Иногда некоторые из лунных мальчиков, злобясь на всё и всех, идут воевать. Они воюют на любой войне, и страшно то, что им всё равно в какую сторону палить из автоматов и в чьей армии служить – лишь бы убить побольше земляных жителей.
Этим они мстят туземцам за те твёрдые капустные кочерыжки на грядке и за свой громкий и горький ночной плач.
– Ты же знаешь – вы уходите легко, без страданий, – снова слышу тихий и вкрадчивый голос. – Это земные люди испытывают мучения и боль, когда умирают – их держит земля, а вам это неведомо…
Я знал это. Я это видел.
Те немногие, кто в момент выстрела гранатомёта находился на броне и чудом уцелел после попадания, укрывались за коптящим корпусом БТРа, сжимаясь в сверхплотное вещество от близости скачущей по разгромленной улице Смерти и обливаясь холодным противным потом при звонких щелчках пуль об металл машины.
– Нужно быстро отсюда уходить, перебьют, – комбат придвинулся ближе ко мне. – Хорошо сыплют, сучата, всю улицу простреливают.
Я утирал пот страха, градом катящийся на глаза, и единственное моё желание в этот момент было – чтобы меня оставили в покое и никуда не дёргали. Мне было страшно.
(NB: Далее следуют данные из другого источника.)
lemma foulis_bracket_absorb:
  fixes x :: "('b::bounded_lattice \<Rightarrow> 'a) \<times> ('a \<Rightarrow> 'b)"
  assumes x: "x \<in> omgal_hom" and h: "perp (snd s top) \<le> fst x top"
  shows "omgal_comp perp (foulis_bracket perp s) x = x"
proof -
  define k where "k = snd s top"
  have hz: "perp k \<le> fst x z" for z
    using h omgal_hom_top_le(1)[OF x] unfolding k_def by (rule order_trans)
  have snd_eq: "snd x (perp (sasaki_map perp k z)) = snd x z" for z
  proof (rule antisym)
    have "perp (sasaki_map perp k z) \<le> fst x (snd x (perp (sasaki_map perp k z)))"
      using omgal_hom_galois[OF x] by blast
    hence "z \<le> fst x (snd x (perp (sasaki_map perp k z)))" using perp_sasaki_map_le hz by blast
    thus "snd x (perp (sasaki_map perp k z)) \<le> snd x z" using omgal_hom_galois[OF x] by blast
    have "z \<le> fst x (snd x z)" using omgal_hom_galois[OF x] by blast
    hence "perp (sasaki_map perp k z) \<le> fst x (snd x z)" using perp_sasaki_map_le hz by blast
    thus "snd x z \<le> snd x (perp (sasaki_map perp k z))" using omgal_hom_galois[OF x] by blast
  qed
  show ?thesis
    using sasaki_map_fix[OF hz] snd_eq
    by (cases x) (auto simp: foulis_bracket_eq omgal_comp_def k_def comp_def)
qed

lemma foulis_bracket_comp_top: "perp (snd s top) \<le> fst (omgal_comp perp (foulis_bracket perp s) y) top"
  by (simp add: foulis_bracket_eq omgal_comp_def sasaki_map_def)

lemma foulis_kernel_axiom:
  assumes s: "s \<in> omgal_hom" and x: "x \<in> omgal_hom"
  shows "omgal_comp perp s x = foulis_bracket perp (omgal_id perp)
     \<longleftrightarrow> (\<exists>y\<in>omgal_hom. x = omgal_comp perp (foulis_bracket perp s) y)"
  using omgal_comp_eq_zero_iff[OF s x] foulis_bracket_absorb[OF x, of s]
    foulis_bracket_comp_top[of s] x by metis

end

theorem mainTheorem15:
  fixes perp :: "'a::bounded_lattice \<Rightarrow> 'a"
  assumes "orthomodular perp"
  shows "foulis_semigroup (omgal_End :: (('a \<Rightarrow> 'a) \<times> ('a \<Rightarrow> 'a)) set)
           (omgal_comp perp) (omgal_id perp) omgal_dagger (foulis_bracket perp)
       \<and> (\<forall>s \<in> (omgal_End :: (('a \<Rightarrow> 'a) \<times> ('a \<Rightarrow> 'a)) set). \<forall>x.
            fst (foulis_bracket perp s) x = perp (snd s top) \<squnion> (snd s top \<sqinter> perp x)
          \<and> snd (foulis_bracket perp s) x = perp (snd s top) \<squnion> (snd s top \<sqinter> perp x)
          \<and> fst (foulis_bracket perp s) x = sasaki_imp perp (snd s top) (perp x)
          \<and> fst (foulis_bracket perp s) x = perp (and_then perp x (snd s top)))"
proof
  show "foulis_semigroup (omgal_End :: (('a \<Rightarrow> 'a) \<times> ('a \<Rightarrow> 'a)) set)
           (omgal_comp perp) (omgal_id perp) omgal_dagger (foulis_bracket perp)"
    unfolding foulis_semigroup_def
    by (simp add: assms omgal_id_hom omgal_comp_hom omgal_comp_assoc omgal_comp_id
        omgal_dagger_hom foulis_bracket_hom omgal_dagger_id omgal_dagger_comp
        omgal_dagger_dagger foulis_bracket_projection omgal_comp_zero foulis_kernel_axiom)
  show "\<forall>s \<in> (omgal_End :: (('a \<Rightarrow> 'a) \<times> ('a \<Rightarrow> 'a)) set). \<forall>x.
            fst (foulis_bracket perp s) x = perp (snd s top) \<squnion> (snd s top \<sqinter> perp x)
          \<and> snd (foulis_bracket perp s) x = perp (snd s top) \<squnion> (snd s top \<sqinter> perp x)
          \<and> fst (foulis_bracket perp s) x = sasaki_imp perp (snd s top) (perp x)
          \<and> fst (foulis_bracket perp s) x = perp (and_then perp x (snd s top))"
    by (simp add: assms foulis_bracket_eq[OF assms] sasaki_map_def sasaki_imp_def and_then_def
        perp_inf perp_sup)
qed

end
Страх животного, силком приведённого на бойню, где его ждут неизбежные нож или топор.
Майор словно прочитал мои мысли и прокричал:
– Очкуешь, Датчанин? Я, брат, в первые дни так боялся, что когда первая мина рядом хлопнула, присел и потихоньку жопу свою пощупал – не обделался ли? А то был бы пример для подчинённых! Главное – начать работать, понял? Сейчас по двое перемещаемся к тому зданию, – он ткнул пальцем в направлении разгромленной дымящейся трёхэтажки, – двое бегут, остальные прикрывают. Короче, по правилам. Мы с тобой последними, усёк?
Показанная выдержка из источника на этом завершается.